First thing - stop this part. It's not fair to scare her for something that she is just doing out of natural need. Limit her freedom, watch her 100% of the time, and if you can't watch her, put her in her crate. If she squats, just scoops her up (she will stop peeing), say (gently but firmly) "no, outside" and carry her to the spot where she is supposed to go, put her down, and if she finishes, throw a huge love party. Treats, lots of love, big huge praise. But go back to taking her out every 60 minutes (I'd usually say 30-60, but she's a bit bigger now and her bladder can probably go 60 minutes no problem). It will come. But you have to make accidents impossible to happen, if that makes sense. (which is TOTALLY not possible in the first few weeks). But you have to make it hard, if that makes sense.

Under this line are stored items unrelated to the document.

(* Let $\sigma$ be a positive integer, $a\in\mathbb{D}$, and for $l\ge1$ let $B_{l,a}(z)=\frac{\sqrt{1-|a|^2}}{1-\overline{a}z}\left(\frac{z-a}{1-\overline{a}z}\right)^{l-1}$ (the Laguerre system). Then there is a constant $C_a$ depending only on $a$ (and $\sigma$) such that for every $f\in H^2_\sigma(\mathbb{D})$ and every integer $n\ge1$, $$\left\|f-\sum_{l=1}^{n}\langle f,B_{l,a}\rangle B_{l,a}\right\|_{H^2}\le C_a\,\frac{1}{n^{\sigma}}\,\|f\|_{H^2_\sigma}.$$
   Context: $\mathbb{D}$ is the open unit disc; $H^2(\mathbb{D})$ the Hardy space with inner product $\langle f,g\rangle=\frac{1}{2\pi}\int_0^{2\pi}f(e^{it})\overline{g(e^{it})}\,dt$; $\{B_{l,a}\}_{l\ge1}$ is a complete orthonormal system of $H^2(\mathbb{D})$. For $\sigma\ge0$, $H^2_\sigma(\mathbb{D})=\{f=\sum_{k\ge0}c_kz^k:\ \sum_{k\ge0}|(1+k^\sigma)c_k|^2<\infty\}$ with $\|f\|_{H^2_\sigma}=\left(\sum_{k\ge0}|(1+k^\sigma)c_k|^2\right)^{1/2}$. *)

theory Defs
  imports "HOL-Analysis.Analysis"
begin

text \<open>A holomorphic function on the disc given by its Taylor coefficients c;
  evaluated anywhere the series is summed (on the closed disc for the functions
  considered here the series converges absolutely).\<close>
definition taylor_fun :: "(nat \<Rightarrow> complex) \<Rightarrow> complex \<Rightarrow> complex" where
  "taylor_fun c z = (\<Sum>k. c k * z ^ k)"

definition hardy_inner :: "(complex \<Rightarrow> complex) \<Rightarrow> (complex \<Rightarrow> complex) \<Rightarrow> complex" where
  "hardy_inner f g = integral {0..2*pi} (\<lambda>t. f (cis t) * cnj (g (cis t))) / (2 * of_real pi)"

Constant supervision, consistency, etc. 16 weeks is still very young. The odd accident at 16 weeks is not at all unusual.


----------



## GoldenLabMix (Dec 3, 2015)

Wilder was about 5 months when he had his last accident. He didn't have many because we watched him like a hawk due to our wood floors. And took him out like 1,000 times a day I read that while they may get that they are supposed to do their business outside fairly quickly, the whole process of being able to have the bladder capacity and maturity to hold it long enough and communicate it to you will occur between 4 and 6 months of age. First he would go to the door but not communicate so we had to watch him. Then he got to the point that he realized he needed to alert us. We have the pebble smart doorbell and he would use that sometimes and bark or whine sometimes once he got the hang of it. Now it's almost always the doorbell. It's really cute! Though when he's bored, he will ask to go out and come back in like 5 times an hour.

*disclaimer, he did pee on the floor the day after he was snipped but he was still a little out of it and he gets a free pass on that one.


----------